An ordinary linear regression w/ intercept is a special case of a neural network. If the optimizers work well I should get the same result (esp from such a simple model).

Unfortunately I don’t.

First: prepare Boston housing data

```
using MLJ: @load_boston, partition
using Flux, Statistics
X, y = @load_boston; X = hcat(X...);
train, test = partition(eachindex(y), .7, rng=333);
#
Xm = hcat(X, size(X,1) |> ones ); #add intercept
XmT= Xm[train,:]; XmH= Xm[test,:];
# Flux automatically includes intercept...
XT= X[train,:]; YT= y[train];
XH= X[test,:]; YH= y[test];
d = Flux.Data.DataLoader(XT', YT');
```

Now train a linear model w/ intercept using matrix algebra:

In-sample RMSE= 4.90. Out-of-sample RMSE = 4.4242.

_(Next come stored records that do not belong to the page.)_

(* For every order $p\le 44$ there exist splitting methods $$\Psi(h)=e^{hb_0B}\,e^{ha_1A}\,e^{hb_1B}\cdots e^{ha_sA}\,e^{hb_sB},\qquad a_i,b_i\in\mathbb{C},$$ of order $p$ with $\Re(a_i)\geq 0$ for all $i=1,\dots,s$.
   Context: A splitting method $\Psi(h)$ for $\dot u=Au+Bu$ is of order $p$ if, for arbitrary non-commuting operators $A$ and $B$, the formal expansion satisfies $\Psi(h)-e^{h(A+B)}=h^{p+1}E_{p+1}+h^{p+2}E_{p+2}+\cdots$. The coefficients $b_i$ are arbitrary complex numbers (no sign condition is imposed on them). *)

theory Defs
  imports Complex_Main
begin

text \<open>A formal power series in the free associative algebra generated by A, B (with the
  step size h counted by word length, i.e. h^k collects all words of length k) is
  represented by its coefficient function on words over the alphabet {A, B}.\<close>

datatype letter = LA | LB

text \<open>Coefficient of the word w in the formal expansion of the product
  exp(h c_1 X_1) exp(h c_2 X_2) ... exp(h c_m X_m), given as the list of pairs (X_j, c_j).
  The exponential exp(h c X) contributes c^k h^k X^k / k!.\<close>

fun exp_prod_coeff :: "(letter \<times> complex) list \<Rightarrow> letter list \<Rightarrow> complex" where
  "exp_prod_coeff [] w = (if w = [] then 1 else 0)"
| "exp_prod_coeff ((X, c) # fs) w =
     (\<Sum>k\<in>{k. k \<le> length w \<and> take k w = replicate k X}.
        c ^ k / of_nat (fact k) * exp_prod_coeff fs (drop k w))"

text \<open>Coefficient of the word w in exp(h(A+B)) = sum_k h^k (A+B)^k / k!.\<close>

definition exact_coeff :: "letter list \<Rightarrow> complex" where
  "exact_coeff w = 1 / of_nat (fact (length w))"

definition splitting_factors :: "nat \<Rightarrow> (nat \<Rightarrow> complex) \<Rightarrow> (nat \<Rightarrow> complex) \<Rightarrow> (letter \<times> complex) list" where
  "splitting_factors s a b = (LB, b 0) # concat (map (\<lambda>i. [(LA, a i), (LB, b i)]) [1..<s+1])"

text \<open>Order p: Psi(h) - exp(h(A+B)) = h^{p+1} E_{p+1} + ..., i.e. all coefficients of words
  of length at most p agree.\<close>

definition splitting_has_order :: "nat \<Rightarrow> nat \<Rightarrow> (nat \<Rightarrow> complex) \<Rightarrow> (nat \<Rightarrow> complex) \<Rightarrow> bool" where
  "splitting_has_order p s a b \<longleftrightarrow>
     (\<forall>w. length w \<le> p \<longrightarrow> exp_prod_coeff (splitting_factors s a b) w = exact_coeff w)"

end

theory Submission
  imports Defs
begin

text \<open>For a
  product \<Psi> of exponentials, L = (h d/dh \<Psi>) \<Psi>^-1 is a Lie series, and \<Psi> has order p exactly when L
  agrees with A + B on all words of length at most p. Starting from e^A e^B, the order is raised
  one degree at a time: if the error of L in degree p + 1 \<ge> 2 is the Lie polynomial Z, append a
  product whose own L is -Z up to higher degrees. Such products exist for every Lie polynomial of
  degree at least 2, built from iterated group commutators e^(dX) Q e^(-dX) Q^-1 with leading term
  d[X, q]; taking d = i when X = A keeps all A-coefficients purely imaginary, so every A-coefficient
  of the final method has nonnegative real part.\<close>

datatype 'a series = Series (coeff: "'a list \<Rightarrow> complex")

lemma series_eqI: "(\<And>w. coeff f w = coeff g w) \<Longrightarrow> f = g"
  by (cases f; cases g) auto

instantiation series :: (type) ring_1
begin

definition "zero_series = Series (\<lambda>w. 0)"
definition "one_series = Series (\<lambda>w. if w = [] then 1 else 0)"
definition "plus_series f g = Series (\<lambda>w. coeff f w + coeff g w)"
definition "minus_series f g = Series (\<lambda>w. coeff f w - coeff g w)"
definition "uminus_series f = Series (\<lambda>w. - coeff f w)"
definition "times_series f g = Series (\<lambda>w. \<Sum>i\<le>length w. coeff f (take i w) * coeff g (drop i w))"

lemma coeff_simps [simp]:
  "coeff 0 w = 0" "coeff 1 w = (if w = [] then 1 else 0)" "coeff (f + g) w = coeff f w + coeff g w"
  "coeff (f - g) w = coeff f w - coeff g w" "coeff (- f) w = - coeff f w"
  by (simp_all add: zero_series_def one_series_def plus_series_def minus_series_def uminus_series_def)

lemma coeff_times: "coeff (f * g) w = (\<Sum>i\<le>length w. coeff f (take i w) * coeff g (drop i w))"
  by (simp add: times_series_def)

lemma times_series_assoc: "(f * g) * h = f * (g * (h :: 'a series))"
proof (rule series_eqI)
  fix w :: "'a list"
  let ?n = "length w"
  define F where "F j k = coeff f (take j w) * coeff g (take k (drop j w)) * coeff h (drop (j + k) w)"
    for j k
  have "coeff ((f * g) * h) w = (\<Sum>i\<le>?n. \<Sum>j\<le>i. F j (i - j))"
    by (auto simp: coeff_times F_def sum_distrib_right min_def take_drop intro!: sum.cong)
  also have "\<dots> = (\<Sum>(j, k)\<in>{(j, k). j + k \<le> ?n}. F j k)"
    by (rule sum.triangle_reindex_eq[symmetric])
  also have "\<dots> = (\<Sum>j\<le>?n. \<Sum>k\<le>?n - j. F j k)"
    by (auto simp: pairs_le_eq_Sigma sum.Sigma)
  also have "\<dots> = coeff (f * (g * h)) w"
    by (auto simp: F_def coeff_times sum_distrib_left mult.assoc add.commute intro!: sum.cong)
  finally show "coeff ((f * g) * h) w = coeff (f * (g * h)) w" .
qed

instance
proof
  fix f g h :: "'a series"
  show "f * g * h = f * (g * h)" by (rule times_series_assoc)
  show "1 * f = f"
  proof (rule series_eqI)
    fix w :: "'a list"
    show "coeff (1 * f) w = coeff f w"
      by (cases w) (auto simp: coeff_times sum.atMost_Suc_shift simp del: sum.atMost_Suc)
  qed
  show "f * 1 = f"
    by (rule series_eqI) (simp add: coeff_times if_distrib[of "(*) _"] sum.delta' cong: if_cong)
  show "(f + g) * h = f * h + g * h"
    by (rule series_eqI) (simp add: coeff_times sum.distrib distrib_right)
  show "f * (g + h) = f * g + f * h"
    by (rule series_eqI) (simp add: coeff_times sum.distrib distrib_left)
  show "(0 :: 'a series) \<noteq> 1"
    by (metis coeff_simps(1,2) zero_neq_one)
qed (auto intro: series_eqI)

end

lemma coeff_sum: "coeff (\<Sum>i\<in>S. F i) w = (\<Sum>i\<in>S. coeff (F i) w)"
  by (induction S rule: infinite_finite_induct) auto

definition scale :: "complex \<Rightarrow> 'a series \<Rightarrow> 'a series" where
  "scale c f = Series (\<lambda>w. c * coeff f w)"

lemma coeff_scale [simp]: "coeff (scale c f) w = c * coeff f w"
  by (simp add: scale_def)

lemma scale_times_left: "scale c f * g = scale c (f * g)"
  by (rule series_eqI) (simp add: coeff_times sum_distrib_left mult.assoc)

lemma scale_times_right: "f * scale c g = scale c (f * g)"
  by (rule series_eqI) (simp add: coeff_times sum_distrib_left algebra_simps)

lemma scale_add: "scale c (f + g) = scale c f + scale c g"
  and scale_diff: "scale c (f - g) = scale c f - scale c g"
  and scale_scale: "scale c (scale d f) = scale (c * d) f"
  and scale_minus_one: "scale (- 1) f = - f"
  and scale_one [simp]: "scale 1 f = f"
  and scale_zero [simp]: "scale c 0 = 0" "scale 0 f = 0"
  by (auto intro: series_eqI simp: algebra_simps)

definition vanishes_below :: "nat \<Rightarrow> 'a series \<Rightarrow> bool" where
  "vanishes_below m f \<longleftrightarrow> (\<forall>w. length w < m \<longrightarrow> coeff f w = 0)"

lemma vanishes_belowD: "vanishes_below m f \<Longrightarrow> length w < m \<Longrightarrow> coeff f w = 0"
  by (simp add: vanishes_below_def)

lemma vanishes_below_0 [simp]: "vanishes_below 0 f"
  and vanishes_below_zero [simp]: "vanishes_below m 0"
  by (simp_all add: vanishes_below_def)

lemma vanishes_below_mono: "vanishes_below m f \<Longrightarrow> k \<le> m \<Longrightarrow> vanishes_below k f"
  and vanishes_below_add: "vanishes_below m f \<Longrightarrow> vanishes_below m g \<Longrightarrow> vanishes_below m (f + g)"
  and vanishes_below_diff: "vanishes_below m f \<Longrightarrow> vanishes_below m g \<Longrightarrow> vanishes_below m (f - g)"
  and vanishes_below_scale: "vanishes_below m f \<Longrightarrow> vanishes_below m (scale c f)"
  by (simp_all add: vanishes_below_def)

lemma vanishes_below_mult:
  assumes f: "vanishes_below a f" and g: "vanishes_below b g"
  shows "vanishes_below (a + b) (f * g)"
  unfolding vanishes_below_def coeff_times
proof (intro allI impI sum.neutral ballI)
  fix w :: "'a list" and i
  assume "length w < a + b" and "i \<in> {..length w}"
  then have "length (take i w) < a \<or> length (drop i w) < b" by auto
  then show "coeff f (take i w) * coeff g (drop i w) = 0"
    using f g by (auto simp: vanishes_below_def)
qed

lemma vanishes_below_mult_le:
  "vanishes_below a f \<Longrightarrow> vanishes_below b g \<Longrightarrow> m \<le> a + b \<Longrightarrow> vanishes_below m (f * g)"
  using vanishes_below_mono vanishes_below_mult by blast

lemma vanishes_below_mult_left: "vanishes_below m f \<Longrightarrow> vanishes_below m (f * g)"
  using vanishes_below_mult[of m f 0 g] by simp

lemma vanishes_below_mult_right: "vanishes_below m g \<Longrightarrow> vanishes_below m (f * g)"
  using vanishes_below_mult[of 0 f m g] by simp

lemma vanishes_below_Suc_0_iff: "vanishes_below (Suc 0) f \<longleftrightarrow> coeff f [] = 0"
  by (auto simp: vanishes_below_def)

lemma vanishes_below_conj:
  assumes "vanishes_below 1 (P - 1)" "vanishes_below 1 (Q - 1)" "vanishes_below m f"
  shows "vanishes_below (Suc m) (P * f * Q - f)"
proof -
  have "P * f * Q - f = (P - 1) * f * Q + f * (Q - 1)"
    by (simp add: algebra_simps)
  with assms show ?thesis
    by (metis Suc_eq_plus1 add.commute vanishes_below_add vanishes_below_mult
        vanishes_below_mult_left)
qed

definition gen :: "'a \<Rightarrow> 'a series" where
  "gen x = Series (\<lambda>w. if w = [x] then 1 else 0)"

lemma vanishes_below_gen [simp]: "vanishes_below 1 (gen x)" "vanishes_below (Suc 0) (gen x)"
  by (simp_all add: vanishes_below_def gen_def)

lemma coeff_gen_times: "coeff (gen x * f) w = (if w \<noteq> [] \<and> hd w = x then coeff f (tl w) else 0)"
proof (cases w)
  case (Cons y v)
  have "coeff (gen x * f) w = (\<Sum>i\<le>Suc (length v). if i = 1 then (if y = x then coeff f v else 0) else 0)"
    unfolding coeff_times Cons by (rule sum.cong) (auto simp: gen_def take_Cons' split: if_splits)
  then show ?thesis by (simp add: Cons sum.delta del: sum.atMost_Suc)
qed (simp add: coeff_times gen_def)

lemma coeff_times_gen: "coeff (f * gen x) w = (if w \<noteq> [] \<and> last w = x then coeff f (butlast w) else 0)"
proof (cases w rule: rev_cases)
  case (snoc v y)
  have "coeff (f * gen x) w
      = (\<Sum>i\<le>Suc (length v). if i = length v then (if y = x then coeff f v else 0) else 0)"
    unfolding coeff_times snoc
    by (rule sum.cong) (auto simp: gen_def drop_append dest!: arg_cong[where f = length])
  then show ?thesis by (simp add: snoc)
qed (simp add: coeff_times gen_def)

definition exp_gen :: "'a \<Rightarrow> complex \<Rightarrow> 'a series" where
  "exp_gen x c = Series (\<lambda>w. if w = replicate (length w) x then c ^ length w / fact (length w) else 0)"

lemma coeff_exp_gen_Nil [simp]: "coeff (exp_gen x c) [] = 1"
  by (simp add: exp_gen_def)

lemma take_drop_eq_replicate_iff:
  assumes "i \<le> length w"
  shows "take i w = replicate i x \<and> drop i w = replicate (length w - i) x \<longleftrightarrow>
    w = replicate (length w) x"
  by (metis append_take_drop_id assms le_add_diff_inverse replicate_add drop_replicate
      min.absorb1 take_replicate)

lemma exp_gen_add: "exp_gen x c * exp_gen x d = exp_gen x (c + d)"
proof (rule series_eqI)
  fix w :: "'a list"
  let ?n = "length w"
  show "coeff (exp_gen x c * exp_gen x d) w = coeff (exp_gen x (c + d)) w"
  proof (cases "w = replicate ?n x")
    case True
    have "coeff (exp_gen x c * exp_gen x d) w = (\<Sum>i\<le>?n. c ^ i / fact i * (d ^ (?n - i) / fact (?n - i)))"
      unfolding coeff_times exp_gen_def using True take_drop_eq_replicate_iff[of _ w x]
      by (intro sum.cong) (auto simp: min_def)
    also have "\<dots> = (\<Sum>i\<le>?n. of_nat (?n choose i) * c ^ i * d ^ (?n - i)) / fact ?n"
      by (simp add: sum_divide_distrib binomial_fact field_simps)
    also have "\<dots> = (c + d) ^ ?n / fact ?n"
      by (simp add: binomial_ring)
    finally show ?thesis using True by (simp add: exp_gen_def)
  next
    case False
    then have "coeff (exp_gen x c * exp_gen x d) w = 0"
      unfolding coeff_times exp_gen_def using take_drop_eq_replicate_iff[of _ w x]
      by (intro sum.neutral) (auto simp: min_def)
    with False show ?thesis by (simp add: exp_gen_def)
  qed
qed

lemma exp_gen_zero [simp]: "exp_gen x 0 = 1"
  by (rule series_eqI) (auto simp: exp_gen_def)

lemma exp_gen_inverse: "exp_gen x c * exp_gen x (- c) = 1" "exp_gen x (- c) * exp_gen x c = 1"
  by (simp_all add: exp_gen_add)

lemma vanishes_below_exp_gen_minus_one: "vanishes_below 1 (exp_gen x c - 1)"
  by (simp add: vanishes_below_Suc_0_iff)

lemma vanishes_below_exp_gen_linear: "vanishes_below 2 (exp_gen x c - 1 - scale c (gen x))"
  unfolding vanishes_below_def
proof (intro allI impI)
  fix w :: "'a list"
  assume "length w < 2"
  then have "w = [] \<or> (\<exists>y. w = [y])" by (cases w) auto
  then show "coeff (exp_gen x c - 1 - scale c (gen x)) w = 0"
    by (auto simp: exp_gen_def gen_def)
qed

lemma coeff_gen_times_exp_gen:
  "coeff (gen x * exp_gen x c) w =
    (if w \<noteq> [] \<and> w = replicate (length w) x then c ^ (length w - 1) / fact (length w - 1) else 0)"
  by (cases w) (auto simp: coeff_gen_times exp_gen_def)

Below I denote these scores (IS, OS).

```
β̂ = XmT \ YT
ŷ = (XmT)*β̂
Flux.mse(ŷ, YT) |> sqrt
ŷ = (XmH)*β̂
Flux.mse(ŷ, YH) |> sqrt
```

Now train a generic Flux model:

```
function f(d, XT, YT, XH, YH;
m = Chain(Dense(size(XT,2), 1)), #Model/Activation
ℓ = Flux.mse, #Loss: mse, crossentropy...
# #Penalty: add later...
opt = ADAGrad(), #Optimiser
nE = 200 #Number epochs
)
loss(x, y) = ℓ(m(x), y)
Flux.@epochs nE Flux.train!(loss, params(m), d, opt)
IS = Flux.mse(m(XT'), YT') |> sqrt
OS = Flux.mse(m(XH'), YH') |> sqrt
return IS, OS
end
```

Using the ADAGrad() optimiser my scores are too far off, but improve w/ more epochs:

```
f(d, XT, YT, XH, YH, m = Chain(Dense(12,1)), nE= 200) #(5.57, 5.18)
f(d, XT, YT, XH, YH, m = Chain(Dense(12,1)), nE=1_000) #(5.30, 4.85)
f(d, XT, YT, XH, YH, m = Chain(Dense(12,1)), nE=10_000) #(5.14, 4.48)
```

Next I try all default optimizers w/ 1000 epochs:

```
Opt_All =[ADAMW(), ADAGrad(0.1), AdaMax(), ADADelta(0.9), AMSGrad(),
NADAM(), RADAM(), Descent(0.1), ADAM(), Nesterov(), RMSProp(),
Momentum()];
for opt in Opt_All
println(" ", opt)
IS, OS= f(d, XT, YT, XH, YH, opt=opt, nE=1_000)
println(IS, " ", OS)
println(" ")
end
```

Still not great:

```
Flux.Optimise.Optimiser(Any[ADAM(0.001, (0.9, 0.999), IdDict{Any,Any}()), WeightDecay(0)])
5.38384461137456 4.682120351510056
ADAGrad(0.1, IdDict{Any,Any}())
5.27592040673716 4.793918203133885
AdaMax(0.001, (0.9, 0.999), IdDict{Any,Any}())
5.295374172910945 4.833882858869897
ADADelta(0.9, IdDict{Any,Any}())
55.62990418302113 57.01656766967905
AMSGrad(0.001, (0.9, 0.999), IdDict{Any,Any}())
5.320812530474836 4.881181082991089
NADAM(0.001, (0.9, 0.999), IdDict{Any,Any}())
5.3934106199655245 4.690819240537613
RADAM(0.001, (0.9, 0.999), IdDict{Any,Any}())
1.394841024573495e12 1.393338515504848e12
Descent(0.1)
NaN NaN
ADAM(0.001, (0.9, 0.999), IdDict{Any,Any}())
5.392202731987643 4.693330726613823
Nesterov(0.001, 0.9, IdDict{Any,Any}())
NaN NaN
RMSProp(0.001, 0.9, IdDict{Any,Any}())
5.42999749585886 4.658016527255777
Momentum(0.01, 0.9, IdDict{Any,Any}())
NaN NaN
```

Now FluxOptTools.jl:

(IS, OS) = (5.18, 4.488) better (claims status: success) but still not great.

```
using Flux, Zygote, Optim, FluxOptTools, Statistics
m = Chain(Dense(size(XT,2), 1)) #LM
loss4() = mean(abs2, m(XT') .- YT')
Zygote.refresh()
pars = Flux.params(m)
lossfun, gradfun, fg!, p0 = optfuns(loss4, pars)
res = Optim.optimize(Optim.only_fg!(fg!), p0, Optim.Options(iterations=10_000, store_trace=true))
res
Flux.params(m)
IS = Flux.mse(m(XT'), YT') |> sqrt
OS = Flux.mse(m(XH'), YH') |> sqrt
```

I’m unable to use the BFGS() option `MethodError: no method matching length(::GlobalRef)`

.

@baggepinnen is there a smarter way to use your tool to find the minimum?